Lines before the one containing "by (rule BM_interchange) simp_all" are left out; copy that line and every later line through the end of the data exactly.

[[ INPUT RECORDS open ]]

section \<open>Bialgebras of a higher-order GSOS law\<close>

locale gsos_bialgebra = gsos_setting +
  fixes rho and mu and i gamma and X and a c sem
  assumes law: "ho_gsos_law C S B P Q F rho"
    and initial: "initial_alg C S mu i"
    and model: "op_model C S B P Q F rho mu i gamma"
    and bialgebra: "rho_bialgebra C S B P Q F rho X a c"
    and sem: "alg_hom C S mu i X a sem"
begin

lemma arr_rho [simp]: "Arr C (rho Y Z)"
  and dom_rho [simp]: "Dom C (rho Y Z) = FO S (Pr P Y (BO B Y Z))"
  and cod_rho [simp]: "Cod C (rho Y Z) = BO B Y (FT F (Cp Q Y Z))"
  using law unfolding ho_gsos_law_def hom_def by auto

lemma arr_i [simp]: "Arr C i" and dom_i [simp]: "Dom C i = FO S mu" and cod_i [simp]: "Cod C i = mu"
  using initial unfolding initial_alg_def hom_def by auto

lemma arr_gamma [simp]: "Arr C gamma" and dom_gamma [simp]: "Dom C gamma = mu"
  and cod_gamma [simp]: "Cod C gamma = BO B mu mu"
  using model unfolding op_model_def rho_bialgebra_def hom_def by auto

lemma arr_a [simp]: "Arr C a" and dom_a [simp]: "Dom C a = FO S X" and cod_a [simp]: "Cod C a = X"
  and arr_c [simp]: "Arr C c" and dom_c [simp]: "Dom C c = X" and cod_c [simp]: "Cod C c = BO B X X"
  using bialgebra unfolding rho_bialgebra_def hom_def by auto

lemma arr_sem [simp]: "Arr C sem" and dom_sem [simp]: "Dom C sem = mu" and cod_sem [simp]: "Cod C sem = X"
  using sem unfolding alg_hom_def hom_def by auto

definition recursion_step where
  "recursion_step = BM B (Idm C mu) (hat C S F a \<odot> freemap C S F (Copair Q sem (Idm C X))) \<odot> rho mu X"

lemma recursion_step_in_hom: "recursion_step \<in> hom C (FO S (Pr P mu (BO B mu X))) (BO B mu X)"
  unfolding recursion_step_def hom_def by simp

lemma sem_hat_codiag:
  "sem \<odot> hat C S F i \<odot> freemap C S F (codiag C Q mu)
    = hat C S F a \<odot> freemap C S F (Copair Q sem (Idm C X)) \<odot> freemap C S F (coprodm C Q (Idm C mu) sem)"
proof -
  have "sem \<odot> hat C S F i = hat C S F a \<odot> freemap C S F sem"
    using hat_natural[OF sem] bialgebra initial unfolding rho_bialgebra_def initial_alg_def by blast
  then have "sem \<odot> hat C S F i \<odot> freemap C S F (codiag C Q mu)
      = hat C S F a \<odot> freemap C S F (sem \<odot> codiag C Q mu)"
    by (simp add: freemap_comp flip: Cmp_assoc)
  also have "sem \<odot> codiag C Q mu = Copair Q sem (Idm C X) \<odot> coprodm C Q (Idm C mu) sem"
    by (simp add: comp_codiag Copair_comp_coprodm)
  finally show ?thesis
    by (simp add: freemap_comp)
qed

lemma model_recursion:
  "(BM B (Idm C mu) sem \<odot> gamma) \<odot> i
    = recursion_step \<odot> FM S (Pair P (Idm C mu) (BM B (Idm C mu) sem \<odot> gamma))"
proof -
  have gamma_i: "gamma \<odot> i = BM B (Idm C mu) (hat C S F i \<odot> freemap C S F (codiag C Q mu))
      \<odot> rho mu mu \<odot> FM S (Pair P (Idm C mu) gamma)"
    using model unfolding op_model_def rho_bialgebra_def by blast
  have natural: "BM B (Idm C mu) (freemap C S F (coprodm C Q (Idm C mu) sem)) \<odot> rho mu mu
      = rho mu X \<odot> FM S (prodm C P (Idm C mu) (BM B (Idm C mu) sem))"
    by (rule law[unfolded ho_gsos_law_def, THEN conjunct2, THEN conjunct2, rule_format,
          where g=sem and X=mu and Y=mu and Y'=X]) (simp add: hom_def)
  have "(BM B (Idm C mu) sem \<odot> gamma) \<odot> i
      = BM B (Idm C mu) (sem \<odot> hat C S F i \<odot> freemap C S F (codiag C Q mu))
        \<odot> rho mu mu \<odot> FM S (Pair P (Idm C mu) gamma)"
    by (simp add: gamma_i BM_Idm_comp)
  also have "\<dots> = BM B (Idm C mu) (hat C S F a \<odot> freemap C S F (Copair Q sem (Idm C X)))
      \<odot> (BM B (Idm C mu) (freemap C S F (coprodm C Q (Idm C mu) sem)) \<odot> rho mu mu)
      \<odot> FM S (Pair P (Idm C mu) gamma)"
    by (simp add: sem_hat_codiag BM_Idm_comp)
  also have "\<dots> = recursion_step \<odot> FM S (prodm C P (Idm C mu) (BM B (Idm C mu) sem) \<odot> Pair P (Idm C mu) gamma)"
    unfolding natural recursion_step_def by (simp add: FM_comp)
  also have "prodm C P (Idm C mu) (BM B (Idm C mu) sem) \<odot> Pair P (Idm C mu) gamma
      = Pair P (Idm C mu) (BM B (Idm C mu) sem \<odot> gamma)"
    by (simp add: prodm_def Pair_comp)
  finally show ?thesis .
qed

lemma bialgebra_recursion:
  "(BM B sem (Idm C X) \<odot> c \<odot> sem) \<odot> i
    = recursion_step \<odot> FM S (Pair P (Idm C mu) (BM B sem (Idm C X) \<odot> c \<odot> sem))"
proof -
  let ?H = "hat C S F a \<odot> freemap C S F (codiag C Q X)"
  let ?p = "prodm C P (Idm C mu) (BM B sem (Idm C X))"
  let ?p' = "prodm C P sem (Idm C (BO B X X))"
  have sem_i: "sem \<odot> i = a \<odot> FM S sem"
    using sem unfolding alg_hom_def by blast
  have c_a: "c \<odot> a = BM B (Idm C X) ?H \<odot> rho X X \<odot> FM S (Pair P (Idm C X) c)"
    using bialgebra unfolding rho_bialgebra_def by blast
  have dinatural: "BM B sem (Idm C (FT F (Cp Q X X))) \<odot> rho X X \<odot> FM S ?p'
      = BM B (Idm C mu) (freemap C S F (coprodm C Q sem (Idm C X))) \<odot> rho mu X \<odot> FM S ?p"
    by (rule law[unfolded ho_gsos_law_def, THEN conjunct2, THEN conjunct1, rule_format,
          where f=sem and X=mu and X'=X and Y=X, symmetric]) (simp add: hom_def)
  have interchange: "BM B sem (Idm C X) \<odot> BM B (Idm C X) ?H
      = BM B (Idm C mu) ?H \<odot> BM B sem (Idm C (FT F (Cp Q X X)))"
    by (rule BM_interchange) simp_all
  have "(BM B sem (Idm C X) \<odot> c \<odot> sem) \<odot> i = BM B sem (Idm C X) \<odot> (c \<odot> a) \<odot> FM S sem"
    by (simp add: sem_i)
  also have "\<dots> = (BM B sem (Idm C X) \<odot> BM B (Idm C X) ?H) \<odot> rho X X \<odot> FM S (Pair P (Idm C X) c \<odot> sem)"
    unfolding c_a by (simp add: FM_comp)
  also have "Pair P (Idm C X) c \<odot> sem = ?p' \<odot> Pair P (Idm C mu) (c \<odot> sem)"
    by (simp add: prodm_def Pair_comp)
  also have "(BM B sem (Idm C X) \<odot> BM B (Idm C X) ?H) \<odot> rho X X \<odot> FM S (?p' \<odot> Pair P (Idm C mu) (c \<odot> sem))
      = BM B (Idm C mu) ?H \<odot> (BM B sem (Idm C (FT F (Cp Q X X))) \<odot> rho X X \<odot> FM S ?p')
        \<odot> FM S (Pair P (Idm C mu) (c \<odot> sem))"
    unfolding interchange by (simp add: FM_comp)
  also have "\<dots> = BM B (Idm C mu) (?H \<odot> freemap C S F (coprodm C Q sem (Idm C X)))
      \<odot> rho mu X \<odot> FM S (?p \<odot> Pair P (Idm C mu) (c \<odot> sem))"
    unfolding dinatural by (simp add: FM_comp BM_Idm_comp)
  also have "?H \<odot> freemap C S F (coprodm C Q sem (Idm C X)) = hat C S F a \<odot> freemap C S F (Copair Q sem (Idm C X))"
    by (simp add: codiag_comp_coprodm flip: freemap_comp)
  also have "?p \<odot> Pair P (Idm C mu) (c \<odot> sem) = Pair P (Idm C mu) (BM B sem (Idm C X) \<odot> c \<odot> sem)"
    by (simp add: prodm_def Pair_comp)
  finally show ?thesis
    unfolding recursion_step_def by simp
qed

[[ INPUT RECORDS closed ]]

▶ _YOUR RESPONSE_:
    by (rule BM_interchange) simp_all
  have "(BM B sem (Idm C X) \<odot> c \<odot> sem) \<odot> i = BM B sem (Idm C X) \<odot> (c \<odot> a) \<odot> FM S sem"
    by (simp add: sem_i)
  also have "\<dots> = (BM B sem (Idm C X) \<odot> BM B (Idm C X) ?H) \<odot> rho X X \<odot> FM S (Pair P (Idm C X) c \<odot> sem)"
    unfolding c_a by (simp add: FM_comp)
  also have "Pair P (Idm C X) c \<odot> sem = ?p' \<odot> Pair P (Idm C mu) (c \<odot> sem)"
    by (simp add: prodm_def Pair_comp)
  also have "(BM B sem (Idm C X) \<odot> BM B (Idm C X) ?H) \<odot> rho X X \<odot> FM S (?p' \<odot> Pair P (Idm C mu) (c \<odot> sem))
      = BM B (Idm C mu) ?H \<odot> (BM B sem (Idm C (FT F (Cp Q X X))) \<odot> rho X X \<odot> FM S ?p')
        \<odot> FM S (Pair P (Idm C mu) (c \<odot> sem))"
    unfolding interchange by (simp add: FM_comp)
  also have "\<dots> = BM B (Idm C mu) (?H \<odot> freemap C S F (coprodm C Q sem (Idm C X)))
      \<odot> rho mu X \<odot> FM S (?p \<odot> Pair P (Idm C mu) (c \<odot> sem))"
    unfolding dinatural by (simp add: FM_comp BM_Idm_comp)
  also have "?H \<odot> freemap C S F (coprodm C Q sem (Idm C X)) = hat C S F a \<odot> freemap C S F (Copair Q sem (Idm C X))"
    by (simp add: codiag_comp_coprodm flip: freemap_comp)
  also have "?p \<odot> Pair P (Idm C mu) (c \<odot> sem) = Pair P (Idm C mu) (BM B sem (Idm C X) \<odot> c \<odot> sem)"
    by (simp add: prodm_def Pair_comp)
  finally show ?thesis
    unfolding recursion_step_def by simp
qed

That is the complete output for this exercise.